### Task details
Below are entries. Copy exactly the lines running from the line that holds "text \<open>Both coarse" to the line that holds "shows that a", with both ends included.
** Opening Records for processing block **
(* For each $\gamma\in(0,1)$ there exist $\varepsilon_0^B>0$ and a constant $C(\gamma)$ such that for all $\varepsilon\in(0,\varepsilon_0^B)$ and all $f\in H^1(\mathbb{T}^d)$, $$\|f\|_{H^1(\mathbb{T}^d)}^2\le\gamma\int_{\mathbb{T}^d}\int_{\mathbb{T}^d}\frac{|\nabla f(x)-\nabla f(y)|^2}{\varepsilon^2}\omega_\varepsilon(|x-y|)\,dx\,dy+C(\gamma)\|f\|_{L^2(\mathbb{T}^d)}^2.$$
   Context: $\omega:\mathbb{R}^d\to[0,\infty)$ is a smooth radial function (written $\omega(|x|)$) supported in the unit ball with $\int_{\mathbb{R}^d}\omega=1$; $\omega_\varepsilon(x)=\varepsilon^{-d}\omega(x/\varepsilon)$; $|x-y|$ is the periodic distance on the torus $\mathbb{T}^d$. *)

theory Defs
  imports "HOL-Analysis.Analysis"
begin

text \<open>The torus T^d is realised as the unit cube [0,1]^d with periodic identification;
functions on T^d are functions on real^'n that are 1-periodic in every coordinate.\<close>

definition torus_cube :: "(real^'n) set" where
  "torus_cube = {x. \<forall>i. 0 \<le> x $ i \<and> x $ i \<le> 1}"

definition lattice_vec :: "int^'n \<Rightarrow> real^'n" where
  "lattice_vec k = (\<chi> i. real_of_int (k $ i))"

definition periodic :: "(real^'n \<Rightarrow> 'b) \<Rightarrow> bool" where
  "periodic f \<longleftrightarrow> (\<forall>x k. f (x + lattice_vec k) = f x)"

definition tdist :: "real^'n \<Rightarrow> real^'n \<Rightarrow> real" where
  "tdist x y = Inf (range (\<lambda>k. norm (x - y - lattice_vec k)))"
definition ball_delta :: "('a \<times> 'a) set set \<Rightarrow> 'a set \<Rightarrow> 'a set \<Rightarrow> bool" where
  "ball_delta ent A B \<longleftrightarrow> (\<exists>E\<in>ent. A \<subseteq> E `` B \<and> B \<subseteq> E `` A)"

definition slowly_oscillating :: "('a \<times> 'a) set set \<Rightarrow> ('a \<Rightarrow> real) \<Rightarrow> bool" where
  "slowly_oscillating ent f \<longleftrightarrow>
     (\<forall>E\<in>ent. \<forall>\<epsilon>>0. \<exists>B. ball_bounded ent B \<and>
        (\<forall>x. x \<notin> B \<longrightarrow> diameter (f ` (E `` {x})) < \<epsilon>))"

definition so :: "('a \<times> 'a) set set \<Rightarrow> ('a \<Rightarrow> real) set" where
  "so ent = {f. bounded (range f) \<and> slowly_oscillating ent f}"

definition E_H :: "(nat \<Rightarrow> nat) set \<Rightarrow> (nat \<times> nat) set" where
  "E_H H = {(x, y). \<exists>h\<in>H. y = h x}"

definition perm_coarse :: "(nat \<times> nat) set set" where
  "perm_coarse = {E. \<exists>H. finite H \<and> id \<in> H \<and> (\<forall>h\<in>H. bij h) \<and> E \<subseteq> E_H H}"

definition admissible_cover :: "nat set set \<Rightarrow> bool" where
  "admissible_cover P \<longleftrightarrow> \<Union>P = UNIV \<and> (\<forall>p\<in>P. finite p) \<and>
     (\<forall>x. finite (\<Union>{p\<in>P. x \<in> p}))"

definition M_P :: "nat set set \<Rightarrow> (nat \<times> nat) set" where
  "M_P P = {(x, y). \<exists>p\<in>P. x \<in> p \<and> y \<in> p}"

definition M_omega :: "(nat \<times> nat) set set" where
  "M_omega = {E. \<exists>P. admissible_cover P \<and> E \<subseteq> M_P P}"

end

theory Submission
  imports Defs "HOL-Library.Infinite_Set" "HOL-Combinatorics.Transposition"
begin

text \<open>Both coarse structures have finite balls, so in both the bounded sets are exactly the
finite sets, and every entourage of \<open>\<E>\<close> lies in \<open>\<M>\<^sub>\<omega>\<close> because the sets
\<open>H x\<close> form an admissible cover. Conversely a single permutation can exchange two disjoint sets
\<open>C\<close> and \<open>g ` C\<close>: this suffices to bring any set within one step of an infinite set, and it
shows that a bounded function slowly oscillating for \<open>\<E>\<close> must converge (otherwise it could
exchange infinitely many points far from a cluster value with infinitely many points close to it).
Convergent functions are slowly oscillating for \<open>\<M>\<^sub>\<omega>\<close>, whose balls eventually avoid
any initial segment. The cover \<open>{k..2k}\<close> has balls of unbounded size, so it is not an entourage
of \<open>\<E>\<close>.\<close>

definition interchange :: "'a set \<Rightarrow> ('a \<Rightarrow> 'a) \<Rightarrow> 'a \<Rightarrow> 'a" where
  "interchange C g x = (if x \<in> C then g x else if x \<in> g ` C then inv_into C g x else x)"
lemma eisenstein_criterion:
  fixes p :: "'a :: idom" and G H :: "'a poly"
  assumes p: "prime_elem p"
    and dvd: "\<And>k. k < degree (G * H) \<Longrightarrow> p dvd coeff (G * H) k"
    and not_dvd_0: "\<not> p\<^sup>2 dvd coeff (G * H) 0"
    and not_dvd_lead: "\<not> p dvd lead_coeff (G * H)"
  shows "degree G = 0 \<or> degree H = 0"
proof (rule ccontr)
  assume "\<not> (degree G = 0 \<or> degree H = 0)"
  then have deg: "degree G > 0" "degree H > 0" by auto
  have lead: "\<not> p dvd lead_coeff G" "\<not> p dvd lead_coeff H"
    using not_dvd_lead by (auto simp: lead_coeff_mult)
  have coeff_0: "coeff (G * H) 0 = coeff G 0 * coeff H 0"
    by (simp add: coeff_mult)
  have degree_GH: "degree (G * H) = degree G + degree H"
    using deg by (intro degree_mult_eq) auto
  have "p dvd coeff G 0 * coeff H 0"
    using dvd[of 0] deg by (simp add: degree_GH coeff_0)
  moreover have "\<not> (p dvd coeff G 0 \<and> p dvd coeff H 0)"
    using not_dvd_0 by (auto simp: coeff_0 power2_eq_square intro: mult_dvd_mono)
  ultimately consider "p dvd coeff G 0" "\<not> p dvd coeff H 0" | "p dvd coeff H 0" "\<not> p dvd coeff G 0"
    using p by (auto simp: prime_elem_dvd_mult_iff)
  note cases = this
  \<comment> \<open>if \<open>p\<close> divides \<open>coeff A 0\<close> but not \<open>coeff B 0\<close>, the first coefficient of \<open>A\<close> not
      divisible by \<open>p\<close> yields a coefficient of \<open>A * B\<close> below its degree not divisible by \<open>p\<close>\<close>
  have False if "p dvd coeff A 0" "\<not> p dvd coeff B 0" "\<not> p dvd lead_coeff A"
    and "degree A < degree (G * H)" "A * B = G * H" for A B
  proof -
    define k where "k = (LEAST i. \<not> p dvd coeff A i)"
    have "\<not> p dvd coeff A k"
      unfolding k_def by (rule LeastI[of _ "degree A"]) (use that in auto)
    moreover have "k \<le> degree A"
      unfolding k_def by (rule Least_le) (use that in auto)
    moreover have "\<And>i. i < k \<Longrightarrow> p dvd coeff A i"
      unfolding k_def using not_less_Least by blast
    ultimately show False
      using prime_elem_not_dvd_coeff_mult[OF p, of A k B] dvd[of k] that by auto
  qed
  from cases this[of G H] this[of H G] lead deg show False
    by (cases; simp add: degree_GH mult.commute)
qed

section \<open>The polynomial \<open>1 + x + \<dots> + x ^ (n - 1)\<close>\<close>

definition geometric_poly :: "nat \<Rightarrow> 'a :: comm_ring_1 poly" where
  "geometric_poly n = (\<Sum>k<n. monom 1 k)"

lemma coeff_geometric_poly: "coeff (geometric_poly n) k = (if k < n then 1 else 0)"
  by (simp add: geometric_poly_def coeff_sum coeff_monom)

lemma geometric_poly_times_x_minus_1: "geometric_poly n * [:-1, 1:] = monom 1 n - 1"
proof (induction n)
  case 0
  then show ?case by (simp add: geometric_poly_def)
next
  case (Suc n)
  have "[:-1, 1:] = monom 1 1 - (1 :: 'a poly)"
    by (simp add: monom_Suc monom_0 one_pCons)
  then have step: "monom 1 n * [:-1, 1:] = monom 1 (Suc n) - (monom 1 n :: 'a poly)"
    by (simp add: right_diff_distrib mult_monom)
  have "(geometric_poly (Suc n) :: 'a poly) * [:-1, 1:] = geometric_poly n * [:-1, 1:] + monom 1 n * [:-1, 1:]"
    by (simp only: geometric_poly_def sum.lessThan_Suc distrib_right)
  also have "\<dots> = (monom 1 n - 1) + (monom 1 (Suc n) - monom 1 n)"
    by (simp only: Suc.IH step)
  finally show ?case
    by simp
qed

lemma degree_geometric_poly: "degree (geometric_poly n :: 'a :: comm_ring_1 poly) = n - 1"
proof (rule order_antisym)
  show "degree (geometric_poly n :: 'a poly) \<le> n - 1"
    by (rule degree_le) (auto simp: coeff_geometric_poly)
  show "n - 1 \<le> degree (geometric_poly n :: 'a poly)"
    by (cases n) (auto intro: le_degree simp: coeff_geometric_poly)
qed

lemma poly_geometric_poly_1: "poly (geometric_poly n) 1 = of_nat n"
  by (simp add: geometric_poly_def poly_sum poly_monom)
** Closing Records for processing block **
** Opening Records for processing block **
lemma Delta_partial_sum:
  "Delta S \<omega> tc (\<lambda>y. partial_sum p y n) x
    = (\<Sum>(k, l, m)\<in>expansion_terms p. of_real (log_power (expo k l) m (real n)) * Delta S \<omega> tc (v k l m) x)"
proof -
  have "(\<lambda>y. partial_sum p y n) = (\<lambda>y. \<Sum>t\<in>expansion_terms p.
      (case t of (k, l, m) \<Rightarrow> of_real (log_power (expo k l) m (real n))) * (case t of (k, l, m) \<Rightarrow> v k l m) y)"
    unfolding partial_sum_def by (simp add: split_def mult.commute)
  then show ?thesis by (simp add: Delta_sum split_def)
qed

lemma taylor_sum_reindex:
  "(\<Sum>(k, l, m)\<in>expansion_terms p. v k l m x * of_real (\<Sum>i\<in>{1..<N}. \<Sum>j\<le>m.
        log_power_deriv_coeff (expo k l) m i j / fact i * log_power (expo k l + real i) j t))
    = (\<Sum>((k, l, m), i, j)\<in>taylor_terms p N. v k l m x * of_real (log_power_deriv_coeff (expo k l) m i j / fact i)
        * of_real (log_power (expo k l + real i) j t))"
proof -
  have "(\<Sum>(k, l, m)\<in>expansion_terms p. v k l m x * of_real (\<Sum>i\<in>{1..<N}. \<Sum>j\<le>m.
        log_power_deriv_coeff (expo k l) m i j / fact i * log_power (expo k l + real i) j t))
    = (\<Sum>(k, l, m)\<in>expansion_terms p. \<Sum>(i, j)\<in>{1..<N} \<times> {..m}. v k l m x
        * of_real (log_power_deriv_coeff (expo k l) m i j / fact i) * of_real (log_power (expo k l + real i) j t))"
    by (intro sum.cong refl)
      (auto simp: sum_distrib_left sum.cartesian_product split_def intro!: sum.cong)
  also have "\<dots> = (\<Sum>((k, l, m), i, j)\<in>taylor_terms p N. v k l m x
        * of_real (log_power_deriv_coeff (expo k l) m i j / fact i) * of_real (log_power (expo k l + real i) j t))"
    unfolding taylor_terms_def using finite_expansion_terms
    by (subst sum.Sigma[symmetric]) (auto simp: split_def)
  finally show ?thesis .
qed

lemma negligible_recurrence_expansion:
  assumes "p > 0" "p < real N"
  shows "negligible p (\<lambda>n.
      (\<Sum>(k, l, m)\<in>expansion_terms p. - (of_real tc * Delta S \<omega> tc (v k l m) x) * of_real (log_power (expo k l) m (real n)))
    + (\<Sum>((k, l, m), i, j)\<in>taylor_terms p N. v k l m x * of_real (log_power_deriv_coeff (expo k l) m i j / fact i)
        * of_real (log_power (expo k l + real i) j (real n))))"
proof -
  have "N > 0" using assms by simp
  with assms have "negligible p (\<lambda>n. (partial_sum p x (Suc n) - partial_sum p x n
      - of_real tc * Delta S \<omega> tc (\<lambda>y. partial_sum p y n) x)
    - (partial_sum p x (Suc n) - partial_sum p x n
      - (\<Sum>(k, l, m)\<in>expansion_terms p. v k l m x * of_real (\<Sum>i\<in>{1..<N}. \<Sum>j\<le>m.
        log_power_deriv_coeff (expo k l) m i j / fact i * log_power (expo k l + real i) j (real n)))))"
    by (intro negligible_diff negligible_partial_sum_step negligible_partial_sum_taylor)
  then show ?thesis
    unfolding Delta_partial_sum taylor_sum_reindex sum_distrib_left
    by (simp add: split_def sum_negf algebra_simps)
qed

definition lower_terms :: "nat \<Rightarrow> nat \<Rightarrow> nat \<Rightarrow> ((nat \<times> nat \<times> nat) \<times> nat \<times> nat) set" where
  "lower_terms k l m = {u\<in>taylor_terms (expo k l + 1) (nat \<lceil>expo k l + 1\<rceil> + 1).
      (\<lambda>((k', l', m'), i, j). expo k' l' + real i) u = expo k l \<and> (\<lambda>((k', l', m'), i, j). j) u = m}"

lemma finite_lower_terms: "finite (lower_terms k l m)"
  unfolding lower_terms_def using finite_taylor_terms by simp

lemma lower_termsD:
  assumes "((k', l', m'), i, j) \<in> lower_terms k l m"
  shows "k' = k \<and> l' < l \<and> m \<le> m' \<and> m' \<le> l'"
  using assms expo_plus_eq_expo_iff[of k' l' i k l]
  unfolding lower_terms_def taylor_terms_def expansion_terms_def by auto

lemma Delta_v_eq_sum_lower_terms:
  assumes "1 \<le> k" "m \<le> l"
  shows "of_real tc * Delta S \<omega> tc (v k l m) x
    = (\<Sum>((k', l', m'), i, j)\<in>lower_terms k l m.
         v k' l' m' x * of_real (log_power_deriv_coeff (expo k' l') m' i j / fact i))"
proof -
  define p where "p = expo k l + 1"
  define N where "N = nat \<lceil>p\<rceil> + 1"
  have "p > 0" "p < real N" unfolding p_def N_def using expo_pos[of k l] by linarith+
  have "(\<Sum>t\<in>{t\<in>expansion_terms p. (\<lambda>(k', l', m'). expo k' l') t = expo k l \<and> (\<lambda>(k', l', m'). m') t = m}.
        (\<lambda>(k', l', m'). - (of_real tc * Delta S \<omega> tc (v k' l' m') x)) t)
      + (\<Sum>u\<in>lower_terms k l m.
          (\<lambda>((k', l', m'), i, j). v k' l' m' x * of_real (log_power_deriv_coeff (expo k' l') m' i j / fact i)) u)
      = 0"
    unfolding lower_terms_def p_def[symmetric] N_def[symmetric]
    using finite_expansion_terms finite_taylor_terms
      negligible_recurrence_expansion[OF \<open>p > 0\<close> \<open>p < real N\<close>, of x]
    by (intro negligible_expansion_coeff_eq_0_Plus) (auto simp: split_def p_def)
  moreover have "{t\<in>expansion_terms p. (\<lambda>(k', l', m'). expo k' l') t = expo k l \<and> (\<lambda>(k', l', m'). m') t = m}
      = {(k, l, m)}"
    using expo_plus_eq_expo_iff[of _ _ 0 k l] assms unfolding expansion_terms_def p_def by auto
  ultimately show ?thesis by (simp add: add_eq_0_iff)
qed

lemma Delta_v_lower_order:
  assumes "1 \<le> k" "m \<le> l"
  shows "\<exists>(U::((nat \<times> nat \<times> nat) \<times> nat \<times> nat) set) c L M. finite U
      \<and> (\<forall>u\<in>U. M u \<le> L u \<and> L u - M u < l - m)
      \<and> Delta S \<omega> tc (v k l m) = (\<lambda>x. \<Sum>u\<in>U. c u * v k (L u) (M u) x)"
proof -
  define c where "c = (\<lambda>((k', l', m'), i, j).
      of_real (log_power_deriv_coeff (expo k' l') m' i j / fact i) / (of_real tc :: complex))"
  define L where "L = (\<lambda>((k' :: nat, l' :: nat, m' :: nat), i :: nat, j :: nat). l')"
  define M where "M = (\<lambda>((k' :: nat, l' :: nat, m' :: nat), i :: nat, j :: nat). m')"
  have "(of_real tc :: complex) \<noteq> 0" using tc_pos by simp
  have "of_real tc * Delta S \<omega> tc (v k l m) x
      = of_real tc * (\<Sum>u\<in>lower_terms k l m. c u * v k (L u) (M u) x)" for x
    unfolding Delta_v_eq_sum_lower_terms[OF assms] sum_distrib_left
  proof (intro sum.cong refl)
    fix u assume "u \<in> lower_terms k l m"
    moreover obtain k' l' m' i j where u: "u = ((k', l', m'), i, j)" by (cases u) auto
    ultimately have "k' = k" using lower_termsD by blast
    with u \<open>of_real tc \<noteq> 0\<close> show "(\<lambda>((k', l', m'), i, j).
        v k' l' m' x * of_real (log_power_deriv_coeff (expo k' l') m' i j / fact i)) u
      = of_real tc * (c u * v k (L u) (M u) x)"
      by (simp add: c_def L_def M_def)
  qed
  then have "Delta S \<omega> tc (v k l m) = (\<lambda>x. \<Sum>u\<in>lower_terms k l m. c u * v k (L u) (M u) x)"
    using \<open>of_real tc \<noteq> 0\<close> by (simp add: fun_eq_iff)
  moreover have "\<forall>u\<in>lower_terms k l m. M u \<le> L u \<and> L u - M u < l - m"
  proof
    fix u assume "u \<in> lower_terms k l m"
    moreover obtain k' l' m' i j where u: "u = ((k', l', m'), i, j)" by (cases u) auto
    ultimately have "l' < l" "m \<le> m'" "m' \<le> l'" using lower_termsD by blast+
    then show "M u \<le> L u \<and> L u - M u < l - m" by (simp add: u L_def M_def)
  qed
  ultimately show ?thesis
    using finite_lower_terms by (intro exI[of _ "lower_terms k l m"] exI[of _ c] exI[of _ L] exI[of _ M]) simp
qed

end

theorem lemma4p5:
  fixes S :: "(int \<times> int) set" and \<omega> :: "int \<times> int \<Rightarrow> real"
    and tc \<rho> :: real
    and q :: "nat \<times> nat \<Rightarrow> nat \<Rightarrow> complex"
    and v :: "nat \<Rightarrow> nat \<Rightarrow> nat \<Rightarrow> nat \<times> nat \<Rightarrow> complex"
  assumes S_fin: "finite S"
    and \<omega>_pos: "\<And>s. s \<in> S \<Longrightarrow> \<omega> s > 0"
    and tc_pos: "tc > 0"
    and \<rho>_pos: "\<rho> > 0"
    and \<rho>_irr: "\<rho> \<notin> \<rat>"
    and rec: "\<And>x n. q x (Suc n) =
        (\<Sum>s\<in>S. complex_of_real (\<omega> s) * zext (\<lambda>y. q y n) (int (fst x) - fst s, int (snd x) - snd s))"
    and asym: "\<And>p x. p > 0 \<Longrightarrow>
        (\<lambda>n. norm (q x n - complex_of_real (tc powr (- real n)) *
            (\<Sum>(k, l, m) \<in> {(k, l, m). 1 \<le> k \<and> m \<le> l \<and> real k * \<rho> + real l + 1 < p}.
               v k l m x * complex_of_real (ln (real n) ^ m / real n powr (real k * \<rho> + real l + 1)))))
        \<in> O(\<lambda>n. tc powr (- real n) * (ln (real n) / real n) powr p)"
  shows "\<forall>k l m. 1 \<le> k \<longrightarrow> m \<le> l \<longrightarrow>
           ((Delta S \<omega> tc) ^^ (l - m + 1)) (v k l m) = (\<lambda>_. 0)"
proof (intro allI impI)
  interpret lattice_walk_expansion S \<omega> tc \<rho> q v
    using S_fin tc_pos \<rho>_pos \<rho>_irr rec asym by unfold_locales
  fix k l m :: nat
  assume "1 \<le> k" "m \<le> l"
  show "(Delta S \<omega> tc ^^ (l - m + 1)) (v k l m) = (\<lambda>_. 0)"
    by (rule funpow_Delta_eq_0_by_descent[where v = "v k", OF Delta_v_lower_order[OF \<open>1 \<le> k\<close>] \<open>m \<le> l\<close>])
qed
** Closing Records for processing block **
** Opening Records for processing block **
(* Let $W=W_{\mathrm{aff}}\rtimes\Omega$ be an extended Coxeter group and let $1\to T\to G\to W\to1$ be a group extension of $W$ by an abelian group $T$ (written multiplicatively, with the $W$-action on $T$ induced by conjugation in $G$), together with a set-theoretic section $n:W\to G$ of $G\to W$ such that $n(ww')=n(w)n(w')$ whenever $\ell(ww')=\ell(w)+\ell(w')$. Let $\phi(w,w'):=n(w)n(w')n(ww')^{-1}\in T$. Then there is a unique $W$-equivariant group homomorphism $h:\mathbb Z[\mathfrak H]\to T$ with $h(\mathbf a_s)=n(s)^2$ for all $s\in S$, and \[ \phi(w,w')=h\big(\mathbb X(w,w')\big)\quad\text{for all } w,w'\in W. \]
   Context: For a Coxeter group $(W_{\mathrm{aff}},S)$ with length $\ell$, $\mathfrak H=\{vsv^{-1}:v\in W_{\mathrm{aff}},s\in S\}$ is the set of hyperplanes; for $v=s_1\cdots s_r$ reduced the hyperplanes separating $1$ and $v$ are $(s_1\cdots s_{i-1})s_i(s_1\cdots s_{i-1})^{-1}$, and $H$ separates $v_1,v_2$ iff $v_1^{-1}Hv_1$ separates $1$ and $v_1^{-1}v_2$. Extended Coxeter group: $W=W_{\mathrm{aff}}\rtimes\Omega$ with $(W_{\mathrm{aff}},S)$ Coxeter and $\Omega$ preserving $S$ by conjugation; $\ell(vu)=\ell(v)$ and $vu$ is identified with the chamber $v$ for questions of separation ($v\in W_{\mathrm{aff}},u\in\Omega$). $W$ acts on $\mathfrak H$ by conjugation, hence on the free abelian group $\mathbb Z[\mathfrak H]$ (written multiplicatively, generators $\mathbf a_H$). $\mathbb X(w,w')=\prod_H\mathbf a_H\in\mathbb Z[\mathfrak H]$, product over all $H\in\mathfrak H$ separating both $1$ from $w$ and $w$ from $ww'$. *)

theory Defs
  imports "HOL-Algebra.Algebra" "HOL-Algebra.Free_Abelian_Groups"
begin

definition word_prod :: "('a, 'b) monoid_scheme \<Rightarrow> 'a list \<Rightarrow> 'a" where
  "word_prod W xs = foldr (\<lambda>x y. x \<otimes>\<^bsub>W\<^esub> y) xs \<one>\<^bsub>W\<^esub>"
** Closing Records for processing block **
### Response to this task
text \<open>Both coarse structures have finite balls, so in both the bounded sets are exactly the
finite sets, and every entourage of \<open>\<E>\<close> lies in \<open>\<M>\<^sub>\<omega>\<close> because the sets
\<open>H x\<close> form an admissible cover. Conversely a single permutation can exchange two disjoint sets
\<open>C\<close> and \<open>g ` C\<close>: this suffices to bring any set within one step of an infinite set, and it
shows that a bounded function slowly oscillating for \<open>\<E>\<close> must converge (otherwise it could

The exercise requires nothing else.